Comparing Bandit Algorithms
$\renewcommand{\hat}[1]{\widehat{#1}}$
Multi Armed Bandit Simulations
In making a choice of action (i.e. what content to post to a page, what drug to give a patient, what weight to give an asset in a portfolio) there is a tradeoff between exploring our choices in order to better understand their outcomes, or exploiting the action that has led to the best outcomes in the past. Multi-armed bandit algorithms choose actions and attempt to balance exploitation and exploration in order to maximise a target metric. They are commonly applied in marketing, finance, conversion rate optimisation and clinical trials.
In this notebook I compare simulations from two popular bandit algorithms - Thompson sampling, which is based on the Bayesian update to a binomial mean from a beta prior, and the Upper Confidence Bound algorithm, which uses Hoeffding’s inequality to bound the mean.
The algorithms are based on Alex Slivkins’ excellent lecture notes Advanced Topics in Theory of Computing: Bandits, Experts, and Games
My bandit algorithms, reward and some utility functions are packaged in the bandits
module imported below. The software lives in my Github. The algorithms are found in the bandit algorithm classes file.
I simulated bandits with a time horizon $T$ of 10,000. Each bandit was simulated 500 times. Giving me 1,000 observations at each T for both UCB and Thompson sampling. The bandits sampled from 2 arms, both returned Bernoulli rewards with p = 0.2 and p = 0.3. We want to know how our algorithm performs, on average, relative to the best performance. This is known as regret and is defined as \(R = \Sigma_{i=1}^{T}\left[\mu(a^*) - \mu(a_t)\right]\)

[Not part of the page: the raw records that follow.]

lemma cconj_bloch: "cconj (bloch p z) = bloch p (cnj z)"
  by (rule eq_matI) (auto simp: bloch_def cconj_def)

lemma hs_inner_bloch:
  "hs_inner (bloch p z) (bloch q w) = p*q + (1-p)*(1-q) + 2 * (Re z * Re w + Im z * Im w)"
  by (simp add: hs_inner_def mtrace_def bloch_def scalar_prod_def sum_small algebra_simps)

lemma states2_blochE:
  assumes "\<rho> \<in> states2"
  obtains p z where "\<rho> = bloch p z"
proof -
  have R: "\<rho> \<in> carrier_mat 2 2" and tr: "\<rho> $$ (0,0) + \<rho> $$ (1,1) = 1"
    using states2_carrier[OF assms] states2_trace[OF assms] .
  have real_diag: "Im (sesq 2 \<rho> v v) = 0" if "v \<in> carrier_vec 2" for v
    using psd_sesq[OF states2_psd[OF assms] that] by simp
  have "Im (\<rho> $$ (0,0)) = 0" "Im (\<rho> $$ (1,1)) = 0"
    using real_diag[of "vec 2 (\<lambda>i. if i = 0 then 1 else 0)"] real_diag[of "vec 2 (\<lambda>i. if i = 0 then 0 else 1)"]
    by (simp_all add: sesq_def sum_small)
  moreover have "Im (\<rho> $$ (0,1)) + Im (\<rho> $$ (1,0)) = 0" "Re (\<rho> $$ (0,1)) - Re (\<rho> $$ (1,0)) = 0"
    using calculation real_diag[of "vec 2 (\<lambda>i. 1)"] real_diag[of "vec 2 (\<lambda>i. if i = 0 then 1 else \<i>)"]
    by (simp_all add: sesq_def sum_small)
  ultimately have "\<rho> = bloch (Re (\<rho> $$ (0,0))) (\<rho> $$ (0,1))"
    using tr by (intro mat2_eqI[OF R bloch_carrier]) (simp add: bloch_def complex_eq_iff)
  then show ?thesis using that by blast
qed

lemma hs_inner_proj2: "hs_inner (proj2 a0 a1) (proj2 b0 b1) = (cmod (cnj a0 * b0 + cnj a1 * b1))^2"
proof -
  have "mtrace (proj2 a0 a1 * proj2 b0 b1) = (cnj a0 * b0 + cnj a1 * b1) * cnj (cnj a0 * b0 + cnj a1 * b1)"
    by (simp add: mtrace_def proj2_def scalar_prod_def sum_small algebra_simps)
  then show ?thesis
    by (simp add: hs_inner_def complex_norm_square[symmetric] del: complex_cnj_add complex_cnj_mult)
qed

lemma hs_inner_pure_self: "\<sigma> \<in> pure2 \<Longrightarrow> hs_inner \<sigma> \<sigma> = 1"
  by (elim pure2_proj2E) (simp add: hs_inner_proj2 mult.commute)

lemma hs_inner_unitary_conj:
  "unitary2 V \<Longrightarrow> A \<in> carrier_mat 2 2 \<Longrightarrow> B \<in> carrier_mat 2 2 \<Longrightarrow>
   hs_inner (unitary_conj V A) (unitary_conj V B) = hs_inner A B"
  by (simp add: hs_inner_def unitary_conj_mult mtrace_unitary_conj)

lemma hs_inner_commute:
  "A \<in> carrier_mat n n \<Longrightarrow> B \<in> carrier_mat n n \<Longrightarrow> hs_inner A B = hs_inner B A"
  by (simp add: hs_inner_def mtrace_mult_comm)

lemma hs_inner_add_right:
  "A \<in> carrier_mat 2 2 \<Longrightarrow> B \<in> carrier_mat 2 2 \<Longrightarrow> C \<in> carrier_mat 2 2 \<Longrightarrow>
   hs_inner A (B + C) = hs_inner A B + hs_inner A C"
  by (simp add: hs_inner_def mtrace_def scalar_prod_def sum_small algebra_simps)

lemma hs_inner_states2_one: "\<rho> \<in> states2 \<Longrightarrow> hs_inner \<rho> (1\<^sub>m 2) = 1"
  by (elim states2_blochE) (simp add: hs_inner_def mtrace_def bloch_def scalar_prod_def sum_small)

definition coord2 :: "complex \<Rightarrow> complex \<Rightarrow> nat \<Rightarrow> complex" where
  "coord2 a0 a1 i = (if i = 0 then a0 else a1)"

lemma proj2_coord2: "proj2 a0 a1 = mat 2 2 (\<lambda>(i,j). coord2 a0 a1 i * cnj (coord2 a0 a1 j))"
  by (simp add: proj2_def coord2_def)

definition mat2_of_cols :: "complex \<Rightarrow> complex \<Rightarrow> complex \<Rightarrow> complex \<Rightarrow> complex mat" where
  "mat2_of_cols c0 c1 b0 b1 = mat 2 2 (\<lambda>(i,j). if j = 0 then coord2 c0 c1 i else coord2 b0 b1 i)"

lemma unitary2_mat2_of_cols:
  assumes "c0*cnj c0 + c1*cnj c1 = 1" "b0*cnj b0 + b1*cnj b1 = 1" "cnj c0*b0 + cnj c1*b1 = 0"
  shows "unitary2 (mat2_of_cols c0 c1 b0 b1)"
proof -
  let ?V = "mat2_of_cols c0 c1 b0 b1"
  have V: "?V \<in> carrier_mat 2 2" by (simp add: mat2_of_cols_def)
  have "cnj b0*c0 + cnj b1*c1 = 0" using arg_cong[OF assms(3), of cnj] by (simp add: mult.commute)
  then have "adj ?V * ?V = 1\<^sub>m 2"
    using assms V
    by (intro mat2_eqI) (auto simp: mat2_of_cols_def coord2_def scalar_prod_def sum_small mult.commute)
  moreover then have "?V * adj ?V = 1\<^sub>m 2" using mat_mult_left_right_inverse[of "adj ?V" 2 ?V] V by auto
  ultimately show ?thesis using V by (simp add: unitary2_def)
qed

lemma orthonormal_pair_complete:
  assumes "c0*cnj c0 + c1*cnj c1 = 1" "b0*cnj b0 + b1*cnj b1 = 1" "cnj c0*b0 + cnj c1*b1 = 0"
    and ij: "i < 2" "j < 2"
  shows "coord2 c0 c1 i * cnj (coord2 c0 c1 j) + coord2 b0 b1 i * cnj (coord2 b0 b1 j) =
         (if i = j then 1 else 0)"
proof -
  let ?V = "mat2_of_cols c0 c1 b0 b1"
  have "(?V * adj ?V) $$ (i,j) = (if i = j then 1 else 0)"
    using unitary2_mat2_of_cols[OF assms(1-3)] ij by (simp add: unitary2_def)
  then show ?thesis using ij by (simp add: mat2_of_cols_def scalar_prod_def sum_small)
qed

lemma proj2_add_orthogonal:
  assumes "c0*cnj c0 + c1*cnj c1 = 1" "b0*cnj b0 + b1*cnj b1 = 1" "cnj c0*b0 + cnj c1*b1 = 0"
  shows "proj2 c0 c1 + proj2 b0 b1 = 1\<^sub>m 2"
  by (rule eq_matI) (auto simp: proj2_coord2 orthonormal_pair_complete[OF assms])

lemma pure2_orthogonal_sum:
  assumes "a \<in> pure2" "b \<in> pure2" "hs_inner a b = 0"
  shows "a + b = 1\<^sub>m 2"
proof -
  obtain c0 c1 b0 b1 where "c0*cnj c0 + c1*cnj c1 = 1" "a = proj2 c0 c1"
    "b0*cnj b0 + b1*cnj b1 = 1" "b = proj2 b0 b1"
    using assms(1,2) by (metis pure2_proj2E)
  moreover from this have "cnj c0*b0 + cnj c1*b1 = 0" using assms(3) by (simp add: hs_inner_proj2)
  ultimately show ?thesis using proj2_add_orthogonal by simp
qed

definition proj_zero :: "complex mat" where "proj_zero = bloch 1 0"
definition proj_one :: "complex mat" where "proj_one = bloch 0 0"
definition proj_plus :: "complex mat" where "proj_plus = bloch (1/2) (1/2)"
definition proj_i :: "complex mat" where "proj_i = bloch (1/2) (-\<i>/2)"

definition sqrt_half :: complex where
  "sqrt_half = complex_of_real (sqrt 2 / 2)"

lemma sqrt_half_sq: "sqrt_half * sqrt_half = 1/2" and cnj_sqrt_half [simp]: "cnj sqrt_half = sqrt_half"
proof -
  have "sqrt 2 / 2 * (sqrt 2 / 2) = (1/2::real)" by (simp add: field_simps)
  then show "sqrt_half * sqrt_half = 1/2" unfolding sqrt_half_def of_real_mult[symmetric] by simp
  show "cnj sqrt_half = sqrt_half" by (simp add: sqrt_half_def)
qed

lemma sqrt_half_mult: "sqrt_half * (sqrt_half * c) = c / 2"
  using sqrt_half_sq by (metis mult.assoc mult.commute times_divide_eq_right mult_1)

lemma i_sqrt_half_sq: "\<i> * sqrt_half * (\<i> * sqrt_half) = -1/2"
proof -
  have "\<i> * sqrt_half * (\<i> * sqrt_half) = (\<i> * \<i>) * (sqrt_half * sqrt_half)" by (simp only: mult_ac)
  then show ?thesis by (simp add: sqrt_half_sq)
qed

lemma proj_zero_proj2: "proj_zero = proj2 1 0"
  by (rule eq_matI) (auto simp: proj_zero_def bloch_def proj2_def)

lemma proj_one_proj2: "proj_one = proj2 0 1"
  by (rule eq_matI) (auto simp: proj_one_def bloch_def proj2_def)

lemma proj_plus_proj2: "proj_plus = proj2 sqrt_half sqrt_half"
  by (rule eq_matI) (auto simp: proj_plus_def bloch_def proj2_def sqrt_half_sq)

lemma proj_i_proj2: "proj_i = proj2 sqrt_half (\<i> * sqrt_half)"
  by (rule eq_matI) (auto simp: proj_i_def bloch_def proj2_def sqrt_half_sq sqrt_half_mult i_sqrt_half_sq)

lemma proj2_pure: "a0 * cnj a0 + a1 * cnj a1 = 1 \<Longrightarrow> proj2 a0 a1 \<in> pure2"
  unfolding pure2_iff_proj2 by blast

lemma proj_zero_pure: "proj_zero \<in> pure2"
  unfolding proj_zero_proj2 by (rule proj2_pure) simp

lemma proj_one_pure: "proj_one \<in> pure2"
  unfolding proj_one_proj2 by (rule proj2_pure) simp

lemma proj_plus_pure: "proj_plus \<in> pure2"
  unfolding proj_plus_proj2 by (rule proj2_pure) (simp add: sqrt_half_sq)

lemma proj_i_pure: "proj_i \<in> pure2"
  unfolding proj_i_proj2 by (rule proj2_pure) (simp add: sqrt_half_sq sqrt_half_mult i_sqrt_half_sq)

subsection \<open>Isometries preserve transition probabilities\<close>

lemma d_sym_pure:
  assumes "\<rho> \<in> states2" "\<sigma> \<in> pure2"
  shows "d_sym \<rho> \<sigma> = sqrt (6 - 4 * hs_inner \<rho> \<sigma> - QW2 [sigma1, sigma2, sigma3] \<rho> \<rho> / 2)"
  using QW2_Pauli_pure[OF assms] QW2_Pauli_pure[OF pure2_subset_states2[OF assms(2)] assms(2)]
    hs_inner_pure_self[OF assms(2)]
  by (simp add: d_sym_def QWdiv_def hs_inner_def field_simps)

text \<open>The self-distance \<open>D\<^sup>2(\<rho>,\<rho>)\<close> is the only other unknown in \<open>d_sym_pure\<close>; it equals \<open>4\<close> on
  pure states, and the orthogonal pair \<open>|0\<rangle>, |1\<rangle>\<close> shows that \<open>\<Phi>\<close> preserves it on all states.\<close>

lemma isometry_preserves_transitions:
  assumes states: "\<forall>\<rho> \<in> states2. \<Phi> \<rho> \<in> states2"
    and iso: "\<forall>\<rho> \<in> states2. \<forall>\<omega> \<in> states2. d_sym (\<Phi> \<rho>) (\<Phi> \<omega>) = d_sym \<rho> \<omega>"
    and pure: "\<forall>\<rho> \<in> pure2. \<Phi> \<rho> \<in> pure2"
    and "\<rho> \<in> states2" "\<sigma> \<in> pure2"
  shows "hs_inner (\<Phi> \<rho>) (\<Phi> \<sigma>) = hs_inner \<rho> \<sigma>"
proof -
  define q where "q \<rho> = QW2 [sigma1, sigma2, sigma3] \<rho> \<rho>" for \<rho>
  have shift: "8 * hs_inner (\<Phi> \<rho>) (\<Phi> \<sigma>) = 8 * hs_inner \<rho> \<sigma> + q \<rho> - q (\<Phi> \<rho>)"
    if "\<rho> \<in> states2" "\<sigma> \<in> pure2" for \<rho> \<sigma>
  proof -
    have "d_sym (\<Phi> \<rho>) (\<Phi> \<sigma>) = d_sym \<rho> \<sigma>" using iso that pure2_subset_states2 by blast
    then show ?thesis
      unfolding d_sym_pure[OF that] d_sym_pure[OF states[rule_format, OF that(1)] pure[rule_format, OF that(2)]]
      by (simp add: q_def)
  qed
  have q_pure: "q \<sigma> = 4" if "\<sigma> \<in> pure2" for \<sigma>
    using QW2_Pauli_pure[OF pure2_subset_states2[OF that] that] hs_inner_pure_self[OF that]
    by (simp add: q_def hs_inner_def)
  have pure_pairs: "hs_inner (\<Phi> \<sigma>) (\<Phi> \<tau>) = hs_inner \<sigma> \<tau>" if "\<sigma> \<in> pure2" "\<tau> \<in> pure2" for \<sigma> \<tau>
    using shift[OF pure2_subset_states2 that(2)] q_pure that pure by (simp add: that(1))
  have "hs_inner (\<Phi> proj_zero) (\<Phi> proj_one) = 0"
    using pure_pairs[OF proj_zero_pure proj_one_pure] by (simp add: proj_zero_def proj_one_def hs_inner_bloch)
  then have "\<Phi> proj_zero + \<Phi> proj_one = 1\<^sub>m 2"
    using pure proj_zero_pure proj_one_pure by (blast intro: pure2_orthogonal_sum)
  then have "hs_inner (\<Phi> \<rho>) (\<Phi> proj_zero) + hs_inner (\<Phi> \<rho>) (\<Phi> proj_one) = 1"
    using states assms(4) pure proj_zero_pure proj_one_pure hs_inner_add_right hs_inner_states2_one
      states2_carrier pure2_subset_states2 by metis
  moreover have "hs_inner \<rho> proj_zero + hs_inner \<rho> proj_one = 1"
    using assms(4) by (elim states2_blochE) (simp add: proj_zero_def proj_one_def hs_inner_bloch)
  ultimately have "q \<rho> = q (\<Phi> \<rho>)"
    using shift[OF assms(4) proj_zero_pure] shift[OF assms(4) proj_one_pure] by simp
  with shift[OF assms(4,5)] show ?thesis by simp
qed

subsection \<open>Classification\<close>

lemma unitary_conj_mat2_of_cols:
  "unitary_conj (mat2_of_cols c0 c1 b0 b1) proj_zero = proj2 c0 c1"
  "unitary_conj (mat2_of_cols c0 c1 b0 b1) proj_plus = proj2 (sqrt_half * (c0 + b0)) (sqrt_half * (c1 + b1))"
  by (rule eq_matI;
      auto simp: unitary_conj_def mat2_of_cols_def coord2_def proj_zero_def proj_plus_def bloch_def
        proj2_def scalar_prod_def sum_small algebra_simps sqrt_half_mult)+

lemma proj2_phase: "u * cnj u = 1 \<Longrightarrow> proj2 (u * a0) (u * a1) = proj2 a0 a1"
  by (rule eq_matI) (auto simp: proj2_def algebra_simps)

where $\mu(a^*)$ is the mean for the best action and $\mu(a_t)$ is the mean for the action chosen at time $t$. For our rewards it is
\[R = T*.3 - \Sigma_{i=1}^{T}\mu(a_t)\]import pandas as pd
import os
import bandits #bandit algos and rewards
from simulation_help import ( #plotting and simulation functions
bandit_summaries,
simulate,
TS_single_sim,
ucb_single_sim,
mean_plots,
regret_plots,
bound_plots,
)
arm_mu = [0.2, 0.3] # True means for the binomial reward
T = 10_000 # Time horizon for each bandit
n_sims = 500 # Number of bandits to simulate
Simulations
# stationary simulations
if not os.path.exists("simulations.csv"):
rg = bandits.binom_reward_generator(arm_mu, N=1)
TS_data = simulate(
N=n_sims, T=T, arm_mu=arm_mu, single_sim=TS_single_sim, reward_fn=rg.reward
)
ucb_data = simulate(
N=n_sims,
T=T,
n_out=T - len(arm_mu),
arm_mu=arm_mu,
single_sim=ucb_single_sim,
reward_fn=rg.reward,
)
TS_data["source"] = "Thompson Sampling"
ucb_data["source"] = "UCB"
sims = pd.concat([TS_data, ucb_data], axis=0)
sims["act"] = sims["act"].astype(int)
sims.to_csv("simulations.csv")
else:
sims = pd.read_csv("simulations.csv")
stat_summaries = bandit_summaries(sims, arm_mu)
Stationary Rewards
Mean reward for each action over time
Here we see how the mean rewards for each action over each iteration of the bandit algos evolve. Each blue line is a run of the bandit simulator. The x axis is the $t^{th}$ performance of the relevant action each run. At x = 1000 in the top left plot we see the mean reward for the first action over $t\leq1000$ for all Thompson sampling runs that chose that action 1000 or more times.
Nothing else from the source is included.